**** Dataset excerpts ****

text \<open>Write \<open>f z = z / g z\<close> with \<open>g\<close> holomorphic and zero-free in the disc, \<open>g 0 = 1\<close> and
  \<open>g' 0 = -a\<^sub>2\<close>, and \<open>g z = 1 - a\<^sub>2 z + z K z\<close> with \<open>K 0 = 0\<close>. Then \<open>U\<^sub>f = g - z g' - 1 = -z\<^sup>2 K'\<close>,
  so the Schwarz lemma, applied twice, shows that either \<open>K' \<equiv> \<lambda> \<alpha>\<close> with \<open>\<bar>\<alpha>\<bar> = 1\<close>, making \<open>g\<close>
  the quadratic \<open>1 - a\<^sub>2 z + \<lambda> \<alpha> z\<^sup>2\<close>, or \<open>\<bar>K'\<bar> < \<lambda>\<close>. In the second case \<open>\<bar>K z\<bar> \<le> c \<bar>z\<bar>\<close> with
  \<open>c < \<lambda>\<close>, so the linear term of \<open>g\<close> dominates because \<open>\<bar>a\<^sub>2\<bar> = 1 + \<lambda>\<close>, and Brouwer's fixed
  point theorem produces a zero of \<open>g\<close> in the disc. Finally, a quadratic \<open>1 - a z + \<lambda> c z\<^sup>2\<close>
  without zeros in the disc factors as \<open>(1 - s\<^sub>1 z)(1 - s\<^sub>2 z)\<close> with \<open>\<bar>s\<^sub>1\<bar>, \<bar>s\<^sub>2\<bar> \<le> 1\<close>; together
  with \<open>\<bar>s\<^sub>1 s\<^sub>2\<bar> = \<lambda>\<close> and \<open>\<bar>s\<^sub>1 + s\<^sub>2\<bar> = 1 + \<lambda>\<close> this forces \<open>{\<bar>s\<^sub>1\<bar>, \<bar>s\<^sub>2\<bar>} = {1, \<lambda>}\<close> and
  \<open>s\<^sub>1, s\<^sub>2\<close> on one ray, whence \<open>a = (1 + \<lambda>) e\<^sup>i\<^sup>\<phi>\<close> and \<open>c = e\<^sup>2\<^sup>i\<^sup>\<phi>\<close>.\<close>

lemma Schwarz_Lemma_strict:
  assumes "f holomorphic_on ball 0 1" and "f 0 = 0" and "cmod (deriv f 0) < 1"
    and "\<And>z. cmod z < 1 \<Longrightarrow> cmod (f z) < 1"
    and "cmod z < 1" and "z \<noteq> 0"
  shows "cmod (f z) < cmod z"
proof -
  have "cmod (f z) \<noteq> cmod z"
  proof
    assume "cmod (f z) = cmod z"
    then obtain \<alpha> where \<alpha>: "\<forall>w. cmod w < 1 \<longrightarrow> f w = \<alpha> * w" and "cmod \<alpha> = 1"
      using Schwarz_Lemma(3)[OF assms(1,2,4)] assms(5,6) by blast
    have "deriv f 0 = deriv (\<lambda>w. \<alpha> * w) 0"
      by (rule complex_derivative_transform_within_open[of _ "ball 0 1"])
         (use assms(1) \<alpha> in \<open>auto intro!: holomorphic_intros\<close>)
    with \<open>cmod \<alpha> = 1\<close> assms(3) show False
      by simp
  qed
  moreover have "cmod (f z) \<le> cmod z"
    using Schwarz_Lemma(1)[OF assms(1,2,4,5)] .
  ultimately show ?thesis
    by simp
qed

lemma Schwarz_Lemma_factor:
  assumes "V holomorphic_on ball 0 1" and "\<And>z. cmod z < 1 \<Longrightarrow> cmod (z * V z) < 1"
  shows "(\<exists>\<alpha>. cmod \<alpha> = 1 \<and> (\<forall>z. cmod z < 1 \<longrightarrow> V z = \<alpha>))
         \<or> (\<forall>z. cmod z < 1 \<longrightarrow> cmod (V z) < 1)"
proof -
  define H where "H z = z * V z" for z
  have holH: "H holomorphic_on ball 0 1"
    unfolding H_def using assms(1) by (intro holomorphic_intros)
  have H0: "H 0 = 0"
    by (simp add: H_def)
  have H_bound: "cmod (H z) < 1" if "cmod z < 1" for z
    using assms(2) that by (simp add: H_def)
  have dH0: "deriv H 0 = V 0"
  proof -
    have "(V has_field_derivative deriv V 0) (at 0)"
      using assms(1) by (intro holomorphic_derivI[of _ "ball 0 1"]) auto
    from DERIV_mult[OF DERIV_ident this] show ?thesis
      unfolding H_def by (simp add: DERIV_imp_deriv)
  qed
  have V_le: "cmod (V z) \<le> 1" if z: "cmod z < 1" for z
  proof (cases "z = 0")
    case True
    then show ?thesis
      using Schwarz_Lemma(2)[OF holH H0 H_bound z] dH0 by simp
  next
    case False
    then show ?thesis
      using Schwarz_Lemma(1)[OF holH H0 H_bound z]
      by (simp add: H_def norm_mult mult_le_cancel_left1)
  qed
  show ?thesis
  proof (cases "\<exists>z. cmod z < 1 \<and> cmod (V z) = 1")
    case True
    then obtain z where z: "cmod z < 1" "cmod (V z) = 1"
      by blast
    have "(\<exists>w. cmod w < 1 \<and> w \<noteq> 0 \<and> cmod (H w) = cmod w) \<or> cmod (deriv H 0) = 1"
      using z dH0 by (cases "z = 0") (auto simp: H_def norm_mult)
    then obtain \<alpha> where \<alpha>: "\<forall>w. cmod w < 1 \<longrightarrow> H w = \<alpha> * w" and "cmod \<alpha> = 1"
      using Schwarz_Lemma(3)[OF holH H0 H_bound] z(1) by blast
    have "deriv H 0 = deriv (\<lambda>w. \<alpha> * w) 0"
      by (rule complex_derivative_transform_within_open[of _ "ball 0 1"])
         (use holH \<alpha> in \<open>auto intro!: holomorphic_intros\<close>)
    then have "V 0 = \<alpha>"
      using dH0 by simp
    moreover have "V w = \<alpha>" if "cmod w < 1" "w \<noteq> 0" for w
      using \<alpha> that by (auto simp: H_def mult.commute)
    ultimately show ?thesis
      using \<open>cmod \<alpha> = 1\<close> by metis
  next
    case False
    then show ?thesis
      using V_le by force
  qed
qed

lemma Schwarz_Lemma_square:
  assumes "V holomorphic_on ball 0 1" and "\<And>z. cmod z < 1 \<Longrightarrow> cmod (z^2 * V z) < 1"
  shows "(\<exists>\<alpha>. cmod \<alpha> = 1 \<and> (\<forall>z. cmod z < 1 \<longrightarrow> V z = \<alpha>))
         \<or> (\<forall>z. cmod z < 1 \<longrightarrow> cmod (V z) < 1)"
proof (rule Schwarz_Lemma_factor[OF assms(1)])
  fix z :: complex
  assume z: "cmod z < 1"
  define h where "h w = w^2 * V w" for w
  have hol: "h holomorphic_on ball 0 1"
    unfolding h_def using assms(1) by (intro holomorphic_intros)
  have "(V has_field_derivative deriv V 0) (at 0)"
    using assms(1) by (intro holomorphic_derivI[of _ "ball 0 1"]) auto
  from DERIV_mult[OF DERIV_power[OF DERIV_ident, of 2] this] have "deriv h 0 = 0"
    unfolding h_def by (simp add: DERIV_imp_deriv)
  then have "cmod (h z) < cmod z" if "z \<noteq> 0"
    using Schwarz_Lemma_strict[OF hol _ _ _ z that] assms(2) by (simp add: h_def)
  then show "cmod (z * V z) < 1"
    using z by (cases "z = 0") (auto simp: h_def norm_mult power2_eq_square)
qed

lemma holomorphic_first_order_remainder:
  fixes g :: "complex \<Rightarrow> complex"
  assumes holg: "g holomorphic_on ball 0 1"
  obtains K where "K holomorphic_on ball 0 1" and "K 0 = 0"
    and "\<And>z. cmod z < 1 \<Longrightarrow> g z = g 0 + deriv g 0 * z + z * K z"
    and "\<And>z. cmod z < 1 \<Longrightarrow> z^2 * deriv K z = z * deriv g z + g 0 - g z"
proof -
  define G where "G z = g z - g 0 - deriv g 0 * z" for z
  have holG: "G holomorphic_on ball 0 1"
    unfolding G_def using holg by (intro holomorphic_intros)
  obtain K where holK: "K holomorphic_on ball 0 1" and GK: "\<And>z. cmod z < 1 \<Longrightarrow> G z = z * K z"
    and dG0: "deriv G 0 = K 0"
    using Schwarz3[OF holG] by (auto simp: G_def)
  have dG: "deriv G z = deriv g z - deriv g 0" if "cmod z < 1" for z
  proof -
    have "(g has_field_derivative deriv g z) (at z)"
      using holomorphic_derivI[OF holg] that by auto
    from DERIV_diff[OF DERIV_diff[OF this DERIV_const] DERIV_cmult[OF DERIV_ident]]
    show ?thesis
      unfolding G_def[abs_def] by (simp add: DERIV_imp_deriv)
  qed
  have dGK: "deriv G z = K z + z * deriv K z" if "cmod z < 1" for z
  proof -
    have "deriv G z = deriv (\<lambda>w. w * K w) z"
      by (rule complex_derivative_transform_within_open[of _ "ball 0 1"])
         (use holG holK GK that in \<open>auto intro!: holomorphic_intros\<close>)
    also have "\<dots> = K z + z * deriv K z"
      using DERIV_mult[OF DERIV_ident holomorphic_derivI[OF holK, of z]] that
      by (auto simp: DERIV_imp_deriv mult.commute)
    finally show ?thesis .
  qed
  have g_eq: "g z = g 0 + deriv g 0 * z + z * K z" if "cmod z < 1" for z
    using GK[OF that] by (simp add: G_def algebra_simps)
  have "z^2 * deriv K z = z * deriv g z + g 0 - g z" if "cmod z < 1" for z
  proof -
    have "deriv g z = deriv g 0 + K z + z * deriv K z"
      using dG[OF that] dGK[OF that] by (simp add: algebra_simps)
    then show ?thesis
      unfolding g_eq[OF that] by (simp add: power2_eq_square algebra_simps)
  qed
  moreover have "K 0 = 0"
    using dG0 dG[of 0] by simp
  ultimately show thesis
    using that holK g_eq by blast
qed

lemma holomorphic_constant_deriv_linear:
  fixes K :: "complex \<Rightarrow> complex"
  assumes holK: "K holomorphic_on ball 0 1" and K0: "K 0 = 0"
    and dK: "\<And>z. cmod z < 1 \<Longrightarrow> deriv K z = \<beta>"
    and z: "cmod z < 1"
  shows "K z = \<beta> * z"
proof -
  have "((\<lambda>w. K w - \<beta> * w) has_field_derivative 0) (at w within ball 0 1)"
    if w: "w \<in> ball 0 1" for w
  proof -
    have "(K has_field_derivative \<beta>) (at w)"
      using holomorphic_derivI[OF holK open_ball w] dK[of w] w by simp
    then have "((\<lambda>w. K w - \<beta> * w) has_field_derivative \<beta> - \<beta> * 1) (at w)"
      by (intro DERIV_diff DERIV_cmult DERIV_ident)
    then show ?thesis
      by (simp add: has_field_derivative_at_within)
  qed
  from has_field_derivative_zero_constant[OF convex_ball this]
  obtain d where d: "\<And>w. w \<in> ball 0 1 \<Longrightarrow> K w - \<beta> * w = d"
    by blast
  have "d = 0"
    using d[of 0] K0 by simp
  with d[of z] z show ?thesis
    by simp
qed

****

Work item:
Return each full line of the entries that contains the word "disc".

Result:
text \<open>Write \<open>f z = z / g z\<close> with \<open>g\<close> holomorphic and zero-free in the disc, \<open>g 0 = 1\<close> and
  point theorem produces a zero of \<open>g\<close> in the disc. Finally, a quadratic \<open>1 - a z + \<lambda> c z\<^sup>2\<close>
  without zeros in the disc factors as \<open>(1 - s\<^sub>1 z)(1 - s\<^sub>2 z)\<close> with \<open>\<bar>s\<^sub>1\<bar>, \<bar>s\<^sub>2\<bar> \<le> 1\<close>; together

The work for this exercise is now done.